This whole business of the Bren being 'too accurate' is a bit bizarre, especially when tied to a claim of the beaten zone being "too small."
The beaten zone of any automatic weapon is very, very long and very, very narrow. For modern GPMGs, while the size will depend on any number of factors, a typical beaten zone (the eliptical shape into which the bullets will fall on the ground) is but metres wide and hundreds of metres long. Essentially, on a 1:50,000 map, it's like a pencil line 1/2" long.
No machine gun is properly used by swinging it back and forth, spraying bullets like a garden hose watering the vegetables.
In the defensive, one sites one's machine guns so as to place the beaten zones across likely enemy axes of advance. So long as the guns keep firing, nobody and nothing can cross that area unless it's armour-plated. That it's even one metre wide is immaterial - the opposition can no more run between bullets without getting hit than they can through raindrops without getting wet.
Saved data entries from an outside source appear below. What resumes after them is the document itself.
lemma epilimit_of_quadratics_moreau_env_quadratic:
  fixes a b c :: "nat \<Rightarrow> real"
  assumes a_nonneg: "\<And>k. a k \<ge> 0" and "r > 0"
    and epi: "epiconverges (\<lambda>k y. ereal (a k * y^2 + b k * y + c k)) f"
    and "proper_fun f"
  shows "\<exists>\<alpha> \<beta> \<gamma>. \<alpha> \<ge> 0 \<and> (\<forall>x. moreau_env r f x = ereal (\<alpha> * r * x^2 + \<beta> * x + \<gamma>))"
proof -
  obtain g where g: "\<And>x. moreau_env r f x = ereal (g x)"
    and lim: "\<And>x. (\<lambda>k. moreau_quad (a k) (b k) (c k) r x) \<longlonglongrightarrow> g x"
    using epilimit_of_quadratics_moreau_env[OF assms] by metis
  define A where "A k = a k * r / (2 * a k + r)" for k
  have "(\<lambda>k. A k * x^2 + b k * r / (2 * a k + r) * x + (c k - (b k)^2 / (2 * (2 * a k + r))))
          \<longlonglongrightarrow> g x" for x
    using lim[of x] unfolding A_def moreau_quad_def by (simp add: algebra_simps)
  from tendsto_quadratics_imp_quadratic[OF this]
  obtain \<alpha> \<beta> \<gamma> where "A \<longlonglongrightarrow> \<alpha>" and quad: "\<And>x. g x = \<alpha> * x^2 + \<beta> * x + \<gamma>"
    by blast
  moreover have "A k \<ge> 0" for k
    using a_nonneg[of k] \<open>r > 0\<close> unfolding A_def by simp
  ultimately have "\<alpha> \<ge> 0"
    by (intro LIMSEQ_le_const) auto
  with \<open>r > 0\<close> show ?thesis
    by (intro exI[of _ "\<alpha> / r"] exI[of _ \<beta>] exI[of _ \<gamma>]) (simp add: g quad)
qed

theorem theorem3p1:
  fixes a b c :: "nat \<Rightarrow> real" and f :: "real \<Rightarrow> ereal" and r :: real
  assumes a_nonneg: "\<And>k. a k \<ge> 0"
    and r_pos: "r > 0"
  shows "(\<forall>k x. moreau_env r (\<lambda>y. ereal (a k * y^2 + b k * y + c k)) x =
            ereal (a k * r / (2 * a k + r) * x^2 + b k * r / (2 * a k + r) * x + c k
                   - (b k)^2 / (2 * (2 * a k + r))))
       \<and> (epiconverges (\<lambda>k y. ereal (a k * y^2 + b k * y + c k)) f \<longrightarrow>
            ((\<forall>x. f x = \<infinity>) \<longrightarrow> (\<forall>x. moreau_env r f x = \<infinity>))
          \<and> ((\<exists>x. f x = -\<infinity>) \<longrightarrow> (\<forall>x. moreau_env r f x = -\<infinity>))
          \<and> (proper_fun f \<longrightarrow>
               (\<exists>\<alpha> \<beta> \<gamma>. \<alpha> \<ge> 0 \<and> (\<forall>x. moreau_env r f x = ereal (\<alpha> * r * x^2 + \<beta> * x + \<gamma>)))))"
proof (intro conjI impI allI)
  fix k x
  show "moreau_env r (\<lambda>y. ereal (a k * y^2 + b k * y + c k)) x =
            ereal (a k * r / (2 * a k + r) * x^2 + b k * r / (2 * a k + r) * x + c k
                   - (b k)^2 / (2 * (2 * a k + r)))"
    using moreau_env_quadratic[OF a_nonneg r_pos] unfolding moreau_quad_def .
next
  fix x
  assume "\<forall>x. f x = \<infinity>"
  then show "moreau_env r f x = \<infinity>"
    by (intro moreau_env_infinity) simp
next
  fix x
  assume "\<exists>x. f x = -\<infinity>"
  then show "moreau_env r f x = -\<infinity>"
    using moreau_env_minus_infinity by blast
next
  assume "epiconverges (\<lambda>k y. ereal (a k * y^2 + b k * y + c k)) f" and "proper_fun f"
  then show "\<exists>\<alpha> \<beta> \<gamma>. \<alpha> \<ge> 0 \<and> (\<forall>x. moreau_env r f x = ereal (\<alpha> * r * x^2 + \<beta> * x + \<gamma>))"
    by (rule epilimit_of_quadratics_moreau_env_quadratic[OF a_nonneg r_pos])
qed

end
It's not much different in the offence. Sure, you can wave it back and forth in the hopes of keeping the opposition's heads down, but you could do that with a laser, too. Having a very wide beaten zone would not only broaden the slice of ground the bullets are landing in, but would also result in many more of your bullets coming nowhere near the opposition, going either overhead or burying themselves in the ground in front.
If the cone of fire (that cornucopia-like shape down which the bullets fly in mid-air) gets wide enough to please such commentators, the weapon will be too inaccurate to be able to reliably engage targets at a distance.
Saying a weapon is too accurate is like saying a woman can be too pretty or a beer too tasty.